O valor da indenização moral por danos coletivos, de R$ 200 mil, deverá ser revertido para o Fundo de Amparo ao Trabalhador ou, alternativamente, em proveito de órgãos públicos ou entidades de assistência social, saúde, educação ou profissionalização, sem fins lucrativos, de reconhecido valor e atuação social.

Ainda segundo a Ascom, o MPT/MA chegou a realizar uma audiência com representantes da instituição financeira a fim de solucionar a questão extrajudicialmente, mediante assinatura de termo de ajuste de conduta (TAC).

No entanto, o acordo foi rejeitado pelo banco, o que resultou no ajuizamento da ação civil pública pelo órgão ministerial.

COM A PALAVRA, O BANCO DA AMAZÔNIA

A reportagem entrou em contato com a assessoria do Banco da Amazônia.

“Causou espanto a condenação proferida pelo Juiz Substituto da 15ª Vara Federal de São Luís, nos autos de Ação Civil pública proposta pelo Ministério Público do Trabalho.

Cumpre asseverar que o Banco, como integrante da Administração Indireta Federal, observa todas as disposições legais concernentes à concessão de crédito, razão pela qual jamais financiará atividades que contrariem os direitos e garantias asseguradas na Constituição da República, em especial no que toca a chaga ainda persistente do trabalho escravo.

Nesse sentido, em que pese a decisão emanar de órgão da base da Jurisdição, portanto, sujeita a recurso, convém esclarecer a sociedade quanto ao erro de percepção do representante do Ministério Público do Trabalho ao propor a referida ação coletiva.
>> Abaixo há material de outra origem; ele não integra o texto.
(* Consider one seller with one item and $n$ ex-interim rational buyers $N=\{1,\dots,n\}$; the item's quality $q\in Q=[q_1,q_2]$ has density $g$ and is observed only by the seller; buyer $i$'s valuation is $v_i(q)\ge0$. Let $\pi$ satisfy $\pi(q,s_i)\ge0$ for $i\in\{0,\dots,n\}$ and $\sum_{i\in N}\pi(q,s_i)+\pi(q,s_0)=1$ for all $q$, and let $p$ be such that for all $i\in N$: $\int_Q\pi(q,s_i)[v_i(q)-p]g(q)\,\mathrm{d}q\ge0$ and $\int_Q\pi(q,s_i)[v_i(q)-p]g(q)\,\mathrm{d}q\ge\mathbb{E}_q[v_i(q)]-p$. Then $Rev_{sig}(\pi,p)=p\int_Q\sum_{i\in N}\pi(q,s_i)g(q)\,\mathrm{d}q\le\mathbb{E}_q[v_{max}(q)]$, where $v_{max}(q)=\max_i v_i(q)$.
   Context: Signal $s_i$ ($i\in N$) recommends buyer $i$ to buy and others not to buy; $s_0$ recommends no one to buy. The constraints express obedience of ex-interim rational buyers, who buy iff their posterior expected valuation is at least $p$. $\mathbb{E}_q$ is expectation under the prior density $g$. *)

theory Defs
  imports "HOL-Analysis.Analysis"
begin

text \<open>Buyers are N = {1..n}; signal index 0 is s_0 (recommend nobody),
  index i in N is s_i. The quality space is Q = {q1..q2}; integrals over Q
  are Lebesgue set integrals w.r.t. lborel.\<close>

definition vmax :: "nat \<Rightarrow> (nat \<Rightarrow> real \<Rightarrow> real) \<Rightarrow> real \<Rightarrow> real" where
  "vmax n v q = Max ((\<lambda>i. v i q) ` {1..n})"

definition expect_q :: "real \<Rightarrow> real \<Rightarrow> (real \<Rightarrow> real) \<Rightarrow> (real \<Rightarrow> real) \<Rightarrow> real" where
  "expect_q q1 q2 g f = (LINT q:{q1..q2}|lborel. f q * g q)"

definition Rev_sig :: "nat \<Rightarrow> real \<Rightarrow> real \<Rightarrow> (real \<Rightarrow> real) \<Rightarrow> (real \<Rightarrow> nat \<Rightarrow> real) \<Rightarrow> real \<Rightarrow> real" where
  "Rev_sig n q1 q2 g \<pi> p = p * (LINT q:{q1..q2}|lborel. (\<Sum>i\<in>{1..n}. \<pi> q i) * g q)"

end

theory Submission
  imports Defs
begin

text \<open>Obedience to the recommendation \<open>s\<^sub>i\<close> says that buyer \<open>i\<close> pays at most what the
  item is worth to him on the event where \<open>s\<^sub>i\<close> is sent:
  \<open>p \<integral> \<pi>(q,s\<^sub>i) g \<le> \<integral> \<pi>(q,s\<^sub>i) v\<^sub>i g\<close>. Summing over the buyers bounds the revenue by
  \<open>\<integral> (\<Sum>\<^sub>i \<pi>(q,s\<^sub>i) v\<^sub>i(q)) g\<close>, and since the weights \<open>\<pi>(q,s\<^sub>i)\<close> are nonnegative with sum
  at most 1 the integrand is at most \<open>v\<^sub>m\<^sub>a\<^sub>x(q) g(q)\<close>.\<close>

lemma set_integrable_bounded_factor:
  fixes f h :: "'a \<Rightarrow> real"
  assumes f: "set_integrable M A f" and h: "h \<in> borel_measurable M"
    and bounded: "\<And>x. x \<in> A \<Longrightarrow> \<bar>h x\<bar> \<le> 1"
  shows "set_integrable M A (\<lambda>x. h x * f x)"
proof (rule set_integrable_bound[OF f])
  have "(\<lambda>x. h x * (indicator A x * f x)) \<in> borel_measurable M"
    using h borel_measurable_integrable[OF f[unfolded set_integrable_def]] by simp
  then show "set_borel_measurable M A (\<lambda>x. h x * f x)"
    unfolding set_borel_measurable_def by (simp add: ac_simps)
  show "AE x in M. x \<in> A \<longrightarrow> norm (h x * f x) \<le> norm (f x)"
    using bounded by (intro AE_I2 impI) (simp add: abs_mult mult_left_le_one_le)
qed

lemma set_integral_sum:
  fixes f :: "'i \<Rightarrow> 'a \<Rightarrow> 'b::{banach, second_countable_topology}"
  assumes "\<And>i. i \<in> I \<Longrightarrow> set_integrable M A (f i)"
  shows set_integrable_sum: "set_integrable M A (\<lambda>x. \<Sum>i\<in>I. f i x)"
    and "(LINT x:A|M. (\<Sum>i\<in>I. f i x)) = (\<Sum>i\<in>I. LINT x:A|M. f i x)"
  using assms unfolding set_integrable_def set_lebesgue_integral_def
  by (simp_all add: scaleR_sum_right)

lemma set_integrable_max:
  fixes f g :: "'a \<Rightarrow> real"
  assumes "set_integrable M A f" "set_integrable M A g"
  shows "set_integrable M A (\<lambda>x. max (f x) (g x))"
proof -
  have "indicator A x * max (f x) (g x) = max (indicator A x * f x) (indicator A x * g x)"
    for x :: 'a
    by (simp add: indicator_def)
  then show ?thesis
    using assms unfolding set_integrable_def by simp
qed

lemma set_integrable_Max:
  fixes f :: "'i \<Rightarrow> 'a \<Rightarrow> real"
  assumes "finite I" "I \<noteq> {}" "\<And>i. i \<in> I \<Longrightarrow> set_integrable M A (f i)"
  shows "set_integrable M A (\<lambda>x. Max ((\<lambda>i. f i x) ` I))"
  using assms
proof (induction I rule: finite_ne_induct)
  case (singleton i)
  then show ?case by simp
next
  case (insert i I)
  then show ?case by (simp add: set_integrable_max)
qed

lemma Max_mult_right:
  fixes f :: "'i \<Rightarrow> real"
  assumes "finite I" "I \<noteq> {}" "0 \<le> c"
  shows "Max ((\<lambda>i. f i * c) ` I) = Max (f ` I) * c"
proof -
  have "Max ((\<lambda>i. f i * c) ` I) = Max ((\<lambda>y. y * c) ` (f ` I))"
    by (simp add: image_image)
  also have "\<dots> = Max (f ` I) * c"
    using assms by (intro mono_Max_commute[symmetric]) (auto intro: monoI mult_right_mono)
  finally show ?thesis .
qed

lemma set_integrable_vmax_mult:
  fixes v :: "nat \<Rightarrow> real \<Rightarrow> real"
  assumes "n \<ge> 1" and g_nonneg: "\<And>x. x \<in> A \<Longrightarrow> 0 \<le> g x"
    and v_int: "\<And>i. i \<in> {1..n} \<Longrightarrow> set_integrable M A (\<lambda>x. v i x * g x)"
  shows "set_integrable M A (\<lambda>x. vmax n v x * g x)"
proof -
  have N_nonempty: "{1..n} \<noteq> {}"
    using \<open>n \<ge> 1\<close> by simp
  have "set_integrable M A (\<lambda>x. Max ((\<lambda>i. v i x * g x) ` {1..n}))"
    using v_int N_nonempty by (intro set_integrable_Max) auto
  then show ?thesis
    using N_nonempty g_nonneg
    by (subst set_integrable_cong[OF refl refl]) (auto simp: vmax_def Max_mult_right)
qed

lemma subconvex_combination_le_Max:
  fixes w f :: "'i \<Rightarrow> real"
  assumes "finite I" "I \<noteq> {}"
    and w_nonneg: "\<And>i. i \<in> I \<Longrightarrow> 0 \<le> w i" and w_sum: "sum w I \<le> 1"
    and f_nonneg: "\<And>i. i \<in> I \<Longrightarrow> 0 \<le> f i"
  shows "(\<Sum>i\<in>I. w i * f i) \<le> Max (f ` I)"
proof -
  have Max_nonneg: "0 \<le> Max (f ` I)"
    using assms f_nonneg by (meson Max_ge all_not_in_conv finite_imageI imageI order_trans)
  have "(\<Sum>i\<in>I. w i * f i) \<le> (\<Sum>i\<in>I. w i * Max (f ` I))"
    using assms by (intro sum_mono mult_left_mono) auto
  also have "\<dots> = sum w I * Max (f ` I)"
    by (simp add: sum_distrib_right)
  also have "\<dots> \<le> Max (f ` I)"
    using w_sum Max_nonneg w_nonneg by (simp add: mult_left_le_one_le sum_nonneg)
  finally show ?thesis .
qed

lemma obedience_imp_price_le_value:
  fixes w u g :: "'a \<Rightarrow> real"
  assumes "set_integrable M A (\<lambda>x. w x * g x)" "set_integrable M A (\<lambda>x. w x * u x * g x)"
    and obedient: "(LINT x:A|M. w x * (u x - p) * g x) \<ge> 0"
  shows "p * (LINT x:A|M. w x * g x) \<le> (LINT x:A|M. w x * u x * g x)"
proof -
  have "(LINT x:A|M. w x * (u x - p) * g x) = (LINT x:A|M. w x * u x * g x - p * (w x * g x))"
    by (simp add: algebra_simps)
  also have "\<dots> = (LINT x:A|M. w x * u x * g x) - p * (LINT x:A|M. w x * g x)"
    using assms by simp
  finally show ?thesis
    using obedient by simp
qed

theorem mainTheorem10:
  fixes n :: nat and q1 q2 p :: real
    and g :: "real \<Rightarrow> real"
    and v :: "nat \<Rightarrow> real \<Rightarrow> real"
    and \<pi> :: "real \<Rightarrow> nat \<Rightarrow> real"
  assumes n_pos: "n \<ge> 1"
    and g_nonneg: "\<And>q. q \<in> {q1..q2} \<Longrightarrow> g q \<ge> 0"
    and g_int: "set_integrable lborel {q1..q2} g"
    and g_density: "(LINT q:{q1..q2}|lborel. g q) = 1"
    and v_nonneg: "\<And>i q. i \<in> {1..n} \<Longrightarrow> q \<in> {q1..q2} \<Longrightarrow> v i q \<ge> 0"
    and v_int: "\<And>i. i \<in> {1..n} \<Longrightarrow> set_integrable lborel {q1..q2} (\<lambda>q. v i q * g q)"
    and \<pi>_meas: "\<And>i. i \<in> {0..n} \<Longrightarrow> (\<lambda>q. \<pi> q i) \<in> borel_measurable lborel"
    and \<pi>_nonneg: "\<And>i q. i \<in> {0..n} \<Longrightarrow> q \<in> {q1..q2} \<Longrightarrow> \<pi> q i \<ge> 0"
    and \<pi>_sum: "\<And>q. q \<in> {q1..q2} \<Longrightarrow> (\<Sum>i\<in>{1..n}. \<pi> q i) + \<pi> q 0 = 1"
    and obed1: "\<And>i. i \<in> {1..n} \<Longrightarrow>
       (LINT q:{q1..q2}|lborel. \<pi> q i * (v i q - p) * g q) \<ge> 0"
    and obed2: "\<And>i. i \<in> {1..n} \<Longrightarrow>
       (LINT q:{q1..q2}|lborel. \<pi> q i * (v i q - p) * g q) \<ge> expect_q q1 q2 g (v i) - p"
  shows "Rev_sig n q1 q2 g \<pi> p \<le> expect_q q1 q2 g (vmax n v)"
proof -
  let ?Q = "{q1..q2}" and ?N = "{1..n}"
  have N_nonempty: "?N \<noteq> {}"
    using n_pos by simp
  have buyers_prob_le_1: "(\<Sum>i\<in>?N. \<pi> q i) \<le> 1" if "q \<in> ?Q" for q
    using \<pi>_sum[OF that] \<pi>_nonneg[of 0 q] that by simp
  have \<pi>_le_1: "\<bar>\<pi> q i\<bar> \<le> 1" if "i \<in> ?N" "q \<in> ?Q" for i q
    using that buyers_prob_le_1[OF that(2)] \<pi>_nonneg member_le_sum[of i ?N "\<pi> q"] by force
  have buy_int: "set_integrable lborel ?Q (\<lambda>q. \<pi> q i * g q)" if "i \<in> ?N" for i
    using that \<pi>_meas \<pi>_le_1 by (intro set_integrable_bounded_factor[OF g_int]) auto
  have value_int: "set_integrable lborel ?Q (\<lambda>q. \<pi> q i * v i q * g q)" if "i \<in> ?N" for i
    unfolding mult.assoc
    using that \<pi>_meas \<pi>_le_1 by (intro set_integrable_bounded_factor[OF v_int]) auto
  have vmax_int: "set_integrable lborel ?Q (\<lambda>q. vmax n v q * g q)"
    using n_pos g_nonneg v_int by (rule set_integrable_vmax_mult)
  have "Rev_sig n q1 q2 g \<pi> p = (\<Sum>i\<in>?N. p * (LINT q:?Q|lborel. \<pi> q i * g q))"
    using set_integral_sum(2)[of ?N lborel ?Q "\<lambda>i q. \<pi> q i * g q"] buy_int
    unfolding Rev_sig_def sum_distrib_right by (simp add: sum_distrib_left)
  also have "\<dots> \<le> (\<Sum>i\<in>?N. LINT q:?Q|lborel. \<pi> q i * v i q * g q)"
    by (intro sum_mono obedience_imp_price_le_value buy_int value_int obed1)
  also have "\<dots> = (LINT q:?Q|lborel. (\<Sum>i\<in>?N. \<pi> q i * v i q * g q))"
    using set_integral_sum(2)[of ?N lborel ?Q "\<lambda>i q. \<pi> q i * v i q * g q"] value_int
    by simp
  also have "\<dots> \<le> (LINT q:?Q|lborel. vmax n v q * g q)"
  proof (intro set_integral_mono set_integrable_sum value_int vmax_int)
    fix q assume q: "q \<in> ?Q"
    have "(\<Sum>i\<in>?N. \<pi> q i * v i q) \<le> vmax n v q"
      unfolding vmax_def using q N_nonempty \<pi>_nonneg v_nonneg buyers_prob_le_1
      by (intro subconvex_combination_le_Max) auto
    then show "(\<Sum>i\<in>?N. \<pi> q i * v i q * g q) \<le> vmax n v q * g q"
      using g_nonneg[OF q] by (simp add: sum_distrib_right[symmetric] mult_right_mono)
  qed
  also have "\<dots> = expect_q q1 q2 g (vmax n v)"
    by (simp add: expect_q_def)
  finally show ?thesis .
qed

end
O Ministério Público do Trabalho equivoca-se ao afirmar que o Banco estaria financiando trabalho escravo, visto que no caso posto não se tratou de renovação crédito/financiamento, mas sim renegociação de débito, ocorrida em 2012 para quitação de operação garantida por Cédula de Crédito Rural Hipotecária emitida pelo devedor em 2004, antes mesmo da edição da Resolução BACEN nº 3.876/2010.

A renegociação do débito teve como objetivo estabelecer forma e prazo para o pagamento da última parcela do débito que estava em atraso, ou seja, não se tratava de nova contratação, mas sim o mecanismo lógico e claro de qualquer credor para receber de seu devedor, mesmo porque este direito é assegurado ao devedor nos termos da Súmula 298 do STJ.

Não houve, portanto, qualquer tipo de conduta que maculasse a Resolução BACEN e, com muito mais razão, os dispositivos constitucionais de proteção ao trabalho.

De mais a mais, a Resolução não pode ter seus efeitos projetados a situações passadas, muito menos, impede que o Banco receba valores que foram concedidos a título de financiamento em anos anteriores.

Sendo assim, o Banco classifica como absurda a decisão proferida pelo Juízo e envidará esforços para sua reforma em sede recurso junto ao Tribunal, vez que jamais compactou para situações que contrariem as disposições constitucionais que asseguram os direitos e garantias fundamentais de qualquer cidadão, sendo inadmissível o desgaste de sua imagem pelo órgão ministerial.”